━━━━━ Information ━━━━━

(* Let $\varPhi\subset\mathbb{E}^3$ be a skew ruled surface with invariants $\delta,\kappa,\lambda$, right normalized with support function $q=\frac{f(u)+g(u)v}{w}$, neither $f$ nor $g$ the zero function. Then the following are equivalent: (a) the Tchebychev vector field $\overline{T}$ is incompressible with respect to the relative metric ($\operatorname{div}^G\overline{T}=0$); (b) the scalar curvature $S$ of the relative metric vanishes identically; (c) $\varPhi$ is conoidal and $f=\frac12|\delta|^{1/2}g\left(\int|\delta|^{1/2}\lambda\,\mathrm{d}u+c\right)$, $c\in\mathbb{R}$.
   Context: $\varPhi$ is a ruled $C^r$-surface ($r\ge3$) with nonvanishing Gaussian curvature, in standard parameters $\overline{x}(u,v)=\overline{s}(u)+v\,\overline{e}(u)$, $|\overline{e}|=|\overline{e}'|=1$, $\langle\overline{s}',\overline{e}'\rangle=0$. Frame $\overline{n}=\overline{e}'$, $\overline{z}=\overline{e}\times\overline{n}$. Invariants: $\delta=(\overline{s}',\overline{e},\overline{e}')\neq0$, $\kappa=(\overline{e},\overline{e}',\overline{e}'')$, $\lambda=\cot\sphericalangle(\overline{e},\overline{s}')$, $\overline{s}'=\delta\lambda\overline{e}+\delta\overline{z}$. Conoidal means $\kappa\equiv0$. $w=\sqrt{\delta^2+v^2}$, $\overline{\xi}=(\delta\overline{n}-v\overline{z})/w$. $h_{11}=-(\kappa w^2+\delta'v-\delta^2\lambda)/w$, $h_{12}=\delta/w$, $h_{22}=0$. A relative normalization is determined by its support function $q=\langle\overline{\xi},\overline{y}\rangle\neq0$; right normalization: $q=(f+gv)/w$, $f,g$ functions of $u$. The relative metric is the indefinite metric $G_{ij}=q^{-1}h_{ij}$; $S$ is its scalar (Gaussian) curvature and $\operatorname{div}^G$ its divergence, $\operatorname{div}^G\overline{T}=|\det G|^{-1/2}(|\det G|^{1/2}T^i)_{/i}$. Darboux tensor $A_{ijk}=q^{-1}\langle\overline{\xi},\nabla^G_k\nabla^G_j\overline{x}_{/i}\rangle$, Tchebychev vector $\overline{T}=T^m\overline{x}_{/m}$, $T^m=\frac12A_i^{\ im}$; equivalently $T^1=\frac{w^2q_{/2}+vq}{\delta w}$, $T^2=\frac{2\delta w^2q_{/1}+\delta'q(\delta^2-v^2)}{2\delta^2w}+\frac{T^1(\kappa w^2+\delta'v-\delta^2\lambda)}{\delta}$. $\int\cdots\mathrm{d}u$ denotes an antiderivative. *)

theory Defs
  imports "HOL-Analysis.Analysis" "HOL-Analysis.Cross3"
begin

fun vderiv_n :: "nat \<Rightarrow> (real \<Rightarrow> 'a::real_normed_vector) \<Rightarrow> real \<Rightarrow> 'a" where
  "vderiv_n 0 f = f"
| "vderiv_n (Suc n) f = (\<lambda>t. vector_derivative (vderiv_n n f) (at t))"

definition Ck_on :: "nat \<Rightarrow> real set \<Rightarrow> (real \<Rightarrow> 'a::real_normed_vector) \<Rightarrow> bool" where
  "Ck_on k I f \<longleftrightarrow>
     (\<forall>j<k. \<forall>t\<in>I. (vderiv_n j f has_vector_derivative vderiv_n (Suc j) f t) (at t))
     \<and> continuous_on I (vderiv_n k f)"

definition pd1 :: "(real \<Rightarrow> real \<Rightarrow> 'a::real_normed_vector) \<Rightarrow> real \<Rightarrow> real \<Rightarrow> 'a" where
  "pd1 F u v = vector_derivative (\<lambda>t. F t v) (at u)"

definition pd2 :: "(real \<Rightarrow> real \<Rightarrow> 'a::real_normed_vector) \<Rightarrow> real \<Rightarrow> real \<Rightarrow> 'a" where
  "pd2 F u v = vector_derivative (\<lambda>t. F u t) (at v)"

definition triple :: "real^3 \<Rightarrow> real^3 \<Rightarrow> real^3 \<Rightarrow> real" where
  "triple a b c = a \<bullet> cross3 b c"

definition vec_angle :: "real^3 \<Rightarrow> real^3 \<Rightarrow> real" where
  "vec_angle a b = arccos ((a \<bullet> b) / (norm a * norm b))"

definition rsurf :: "(real \<Rightarrow> real^3) \<Rightarrow> (real \<Rightarrow> real^3) \<Rightarrow> real \<Rightarrow> real \<Rightarrow> real^3" where
  "rsurf s e u v = s u + v *\<^sub>R e u"

definition rs_delta :: "(real \<Rightarrow> real^3) \<Rightarrow> (real \<Rightarrow> real^3) \<Rightarrow> real \<Rightarrow> real" where
  "rs_delta s e u = triple (vderiv_n 1 s u) (e u) (vderiv_n 1 e u)"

━━━━━

● **What you have to do**: Starting from the line that contains "I f \<longleftrightarrow>", give again every line to the last line of the data, exactly. Include nothing else.

● **Written reply**:
  "Ck_on k I f \<longleftrightarrow>
     (\<forall>j<k. \<forall>t\<in>I. (vderiv_n j f has_vector_derivative vderiv_n (Suc j) f t) (at t))
     \<and> continuous_on I (vderiv_n k f)"

definition pd1 :: "(real \<Rightarrow> real \<Rightarrow> 'a::real_normed_vector) \<Rightarrow> real \<Rightarrow> real \<Rightarrow> 'a" where
  "pd1 F u v = vector_derivative (\<lambda>t. F t v) (at u)"

definition pd2 :: "(real \<Rightarrow> real \<Rightarrow> 'a::real_normed_vector) \<Rightarrow> real \<Rightarrow> real \<Rightarrow> 'a" where
  "pd2 F u v = vector_derivative (\<lambda>t. F u t) (at v)"

definition triple :: "real^3 \<Rightarrow> real^3 \<Rightarrow> real^3 \<Rightarrow> real" where
  "triple a b c = a \<bullet> cross3 b c"

definition vec_angle :: "real^3 \<Rightarrow> real^3 \<Rightarrow> real" where
  "vec_angle a b = arccos ((a \<bullet> b) / (norm a * norm b))"

definition rsurf :: "(real \<Rightarrow> real^3) \<Rightarrow> (real \<Rightarrow> real^3) \<Rightarrow> real \<Rightarrow> real \<Rightarrow> real^3" where
  "rsurf s e u v = s u + v *\<^sub>R e u"

definition rs_delta :: "(real \<Rightarrow> real^3) \<Rightarrow> (real \<Rightarrow> real^3) \<Rightarrow> real \<Rightarrow> real" where
  "rs_delta s e u = triple (vderiv_n 1 s u) (e u) (vderiv_n 1 e u)"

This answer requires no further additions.